What is RevoScaleR?
RevoScaleR is a collection of proprietary functions in Machine Learning Server used for practicing data science at scale. For data scientists, RevoScaleR gives you data-related functions for import, transformation and manipulation, summarization, visualization, and analysis. At scale refers to the core engine's ability to perform these tasks against very large datasets, in parallel and on distributed file systems, chunking and reconstituting data when it cannot fit in memory.
RevoScaleR functions are provided through the RevoScaleR package installed for free in Microsoft R Client or commercially in Machine Learning Server on supported platforms. RevoScaleR is also embedded in Azure HDInsight, Azure Data Science virtual machines, and SQL Server.

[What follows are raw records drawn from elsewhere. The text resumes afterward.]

(* Let $G$ be a map graph with a corresponding planar bipartite graph $B$, let $\mathcal{D}=(T,\beta_{\mathcal{D}})$ be a nice tree decomposition of $B$, and let $\mathcal{D}'$ be derived from $\mathcal{D}$ as described in the context. Let $t$ be a node of $T$ labelled join in $\mathcal{D}$, with children $t_1$ and $t_2$. Then $\mathsf{Original}(t)=\mathsf{Original}(t_1)=\mathsf{Original}(t_2)$, $\mathsf{Cliques}(t)=\mathsf{Cliques}(t_1)=\mathsf{Cliques}(t_2)$, $\mathsf{Fake}(t_1)\cap\mathsf{Fake}(t_2)=\emptyset$, and $\mathsf{Fake}(t)=\mathsf{Fake}(t_1)\cup\mathsf{Fake}(t_2)$.
   Context: All graphs are finite and simple. For a bipartite graph $B$ with bipartition $V(B)=W\uplus U$, the half-square of $B$ is the graph on $W$ in which two vertices are adjacent iff they are at distance exactly $2$ in $B$. A graph $G$ is a map graph iff it is the half-square of some planar bipartite graph $B$; such $B$ (with $W=V(G)$) is a corresponding planar bipartite graph, and $S(G)=U$ is the set of special vertices; for $s\in S(G)$, $N_B(s)$ is a clique of $G$ called a special clique. A tree decomposition $(T,\beta)$: rooted tree $T$, bags covering all vertices and edges, and for each vertex the nodes containing it induce a connected subtree. $\gamma_{\mathcal{D}}(t)$ is the union of bags of $t$ and its descendants. A nice tree decomposition has empty root bag and each node is a leaf (empty bag), introduce$(w)$, forget$(w)$ (one child, bag obtained by adding/removing $w$), or join (two children whose bags equal $\beta(t)$). The derived decomposition $\mathcal{D}'=(T,\beta_{\mathcal{D}'})$ has $\beta_{\mathcal{D}'}(t)=(\beta_{\mathcal{D}}(t)\cap V(G))\cup\bigcup_{s\in\beta_{\mathcal{D}}(t)\cap S(G)}(N_B(s)\cap\gamma_{\mathcal{D}}(t))$. Define $\mathsf{Original}(t)=\beta_{\mathcal{D}}(t)\cap\beta_{\mathcal{D}'}(t)$, $\mathsf{Fake}(t)=\beta_{\mathcal{D}'}(t)\setminus\beta_{\mathcal{D}}(t)$, and $\mathsf{Cliques}(t)=\{N_B(s): s\in S(G)\cap\beta_{\mathcal{D}}(t)\}$. *)

theory Defs
  imports "HOL-Analysis.Analysis"
begin

definition simple_graph :: "'v set \<Rightarrow> ('v \<Rightarrow> 'v \<Rightarrow> bool) \<Rightarrow> bool" where
  "simple_graph V E \<longleftrightarrow> finite V \<and> (\<forall>x y. E x y \<longrightarrow> x \<in> V \<and> y \<in> V)
     \<and> (\<forall>x y. E x y \<longrightarrow> E y x) \<and> (\<forall>x. \<not> E x x)"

The RevoScaleR functions run on a computational engine include in the aforementioned products. As such, the package cannot be downloaded or used independently of the products and services that provide it.
RevoScaleR is engineered to adapt to the computational power of the platform it runs on. On Machine Learning Server for Hadoop, script using RevoScaleR functions that run in parallel will automatically use nodes in the cluster. Whereas on the free R Client, scale is provided at much lower levels (2 processors, data resides in-memory).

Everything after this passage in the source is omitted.